Hmm…How do I know Jesus is real? Sounds like a simple question but it took some people a little bit of thought, which is good. I like to not only challenge myself but I like to challenge others with tough questions. Here are some answers that I got.

“How do YOU know Jesus is real?”

Teammate 1: “I don’t. But I believe what the Bible says is true. And I have faith that the hope I have is real.”

Teammate 2: “20 years of my life I spent without Jesus. After a few months of questioning and going back and fourth I decided to follow him and his calling for me. And I am different. The difference between age 0-20 and 20-25 is, well there is no other explanation other than God.”

Teammate 3: “History proves it. In my personal life there were times I felt empty and with God there is just a feeling of wholeness. You can tell when someone has God in them, they are just…different.”

Team Contact: “History Proves it. Romans 1 talks about how you can see God in creation. There is just an undeniable presence in my life. A huge element of faith. He comes to you and initiates it.”

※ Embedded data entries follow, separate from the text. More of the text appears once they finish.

lemma not_finitely_based_if_isolated:
  fixes S :: "'a::monoid_mult itself" and u v :: "nat \<Rightarrow> word"
  assumes sat: "\<And>n. n > 1 \<Longrightarrow> satisfies S (u n) (v n)"
    and words: "\<And>n. is_word (u n)" "\<And>n. is_word (v n)" and neq: "\<And>n. u n \<noteq> v n"
    and isolated: "\<And>n s t a \<sigma> b. satisfies S s t \<Longrightarrow> card (set s) < n \<Longrightarrow>
                      a @ subst \<sigma> s @ b = u n \<Longrightarrow> a @ subst \<sigma> t @ b = u n"
  shows "\<not> finitely_based S"
proof
  assume "finitely_based S"
  then obtain \<Sigma> where fin: "finite \<Sigma>" and sound: "\<forall>(s, t) \<in> \<Sigma>. satisfies S s t"
    and complete: "\<forall>u v. is_word u \<longrightarrow> is_word v \<longrightarrow> satisfies S u v \<longrightarrow> derivable \<Sigma> u v"
    unfolding finitely_based_def by blast
  define n where "n = Suc (Suc (Max (insert 0 ((\<lambda>(s, t). card (set s) + card (set t)) ` \<Sigma>))))"
  have small: "card (set s) < n \<and> card (set t) < n" if "(s, t) \<in> \<Sigma>" for s t
  proof -
    have "card (set s) + card (set t) \<le> Max (insert 0 ((\<lambda>(s, t). card (set s) + card (set t)) ` \<Sigma>))"
      using fin that by (intro Max_ge) force+
    then show ?thesis
      unfolding n_def by linarith
  qed
  have "a @ subst \<sigma> s @ b = u n \<longleftrightarrow> a @ subst \<sigma> t @ b = u n" if "(s, t) \<in> \<Sigma>" for s t a \<sigma> b
    using isolated sound small[OF that] that satisfies_sym by fast
  moreover have "derivable \<Sigma> (u n) (v n)"
    using complete words sat[of n] by (simp add: n_def)
  ultimately show False
    using derivable_preserves_isolated neq by metis
qed

theorem theorem6p3:
  fixes S :: "'a::monoid_mult itself" and m :: nat
  assumes m3: "m \<ge> 3"
    and i: "\<And>n. n > 1 \<Longrightarrow> satisfies S (word_i (m - 2) n) (word_i (m - 1) n)"
    and ii1: "isoterm S [0, 1, 1, 0]"
    and ii2: "isoterm S (replicate (m - 1) 0)"
    and iii: "isoterm S (replicate (m - 2) 0 @ [1, 0, 2, 0])"
    and iv: "\<And>u. is_word u \<Longrightarrow> satisfies S u (replicate (m - 2) 0 @ [1, 0, 1, 0]) \<Longrightarrow>
               count_list u 0 = m \<Longrightarrow> u = replicate (m - 2) 0 @ [1, 0, 1, 0]"
  shows "\<not> finitely_based S"
proof -
  interpret nfb_conditions S m
    using m3 ii1 ii2 iii iv by unfold_locales (simp_all add: isoterm_with_count_def)
  show ?thesis
  proof (rule not_finitely_based_if_isolated)
    show "satisfies S (word_i (m - 2) n) (word_i (m - 1) n)" if "n > 1" for n
      using that by (rule i)
    show "is_word (word_i (m - 2) n)" "is_word (word_i (m - 1) n)" for n
      by (simp_all add: is_word_def word_i_def)
    show "word_i (m - 2) n \<noteq> word_i (m - 1) n" for n
      using m3 arg_cong[of _ _ length] by (fastforce simp: word_i_def)
  qed (fact word_i_isolated)
qed

end
lemma telescope_term_0_nth: "telescope_term 0 $ n = 3"
proof -
  have "(telescope_term 0 * (1 - fps_X)) * (1 - fps_X) = 3 * (1 - fps_X)"
    using telescope_term_mult_denom[of 0] by (simp add: stirling_denom_def algebra_simps)
  then have "telescope_term 0 * (1 - fps_X) = 3"
    using one_minus_fps_X_neq_0 by (metis mult_cancel_right)
  have "telescope_term 0 = telescope_term 0 * (1 - fps_X) * inverse (1 - fps_X)"
    by (simp add: mult.assoc inverse_mult_eq_1')
  also have "\<dots> = 3 * inverse (1 - fps_X)"
    using \<open>telescope_term 0 * (1 - fps_X) = 3\<close> by simp
  finally have "telescope_term 0 = 3 * inverse (1 - fps_X)" .
  then show ?thesis
    by (simp add: numeral_fps_const fps_inverse_one_minus_X_nth)
qed

lemma telescope_term_nth_below:
  assumes "n < M"
  shows "telescope_term M $ n = 0"
proof -
  have "telescope_term M = fps_X ^ M * (fact M * (3 - (of_nat M + 3) * fps_X) *
      inverse ((1 - fps_X) * (1 - of_nat (Suc M) * fps_X) * stirling_denom M))"
    by (simp only: telescope_term_def mult_ac)
  with assms show ?thesis
    by (simp add: fps_X_power_mult_nth)
qed

lemma b_seq_Suc_binomial_identity:
  "4 * b_seq (Suc n) - 2 * b_seq n - (\<Sum>k=0..Suc n. of_nat (Suc n choose k) * b_seq k) = 3"
proof -
  have "(\<Sum>m=0..Suc n. telescope_term m - telescope_term (Suc m)) $ Suc n = 3"
    by (simp add: atLeast0AtMost sum_telescope telescope_term_0_nth telescope_term_nth_below)
  then have "(\<Sum>m=0..Suc n. 4 * b_summand m $ Suc n - 2 * b_summand m $ n -
      fps_binomial_transform (b_summand m) $ Suc n) = 3"
    by (simp add: telescope_term_diff fps_sum_nth numeral_fps_const mult.assoc)
  moreover have "(\<Sum>m=0..Suc n. fps_binomial_transform (b_summand m) $ Suc n) =
      (\<Sum>k=0..Suc n. of_nat (Suc n choose k) * b_seq k)"
    unfolding fps_binomial_transform_nth sum.swap[of _ "{0..Suc n}"] sum_distrib_left[symmetric]
    by (intro sum.cong refl) (simp add: b_seq_eq_sum_b_summand)
  ultimately show ?thesis
    by (simp add: sum_subtractf sum_distrib_left b_seq_eq_sum_b_summand[of _ "Suc n"])
qed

Family member: “I made it through the surgery, then realized that I should not have made it because almost everyone dies with what I had. After the surgery, I asked why I made it and realized that only God could have pulled me through it. He had plans for me, especially with you.”
 
faith |faTH| noun
1 complete trust or confidence in someone or something
2 strong belief in God or in the doctrines of a religion, based on spiritual apprehension rather than proof.

2 Corinthians 5:7 says “Walk by faith, not by sight.”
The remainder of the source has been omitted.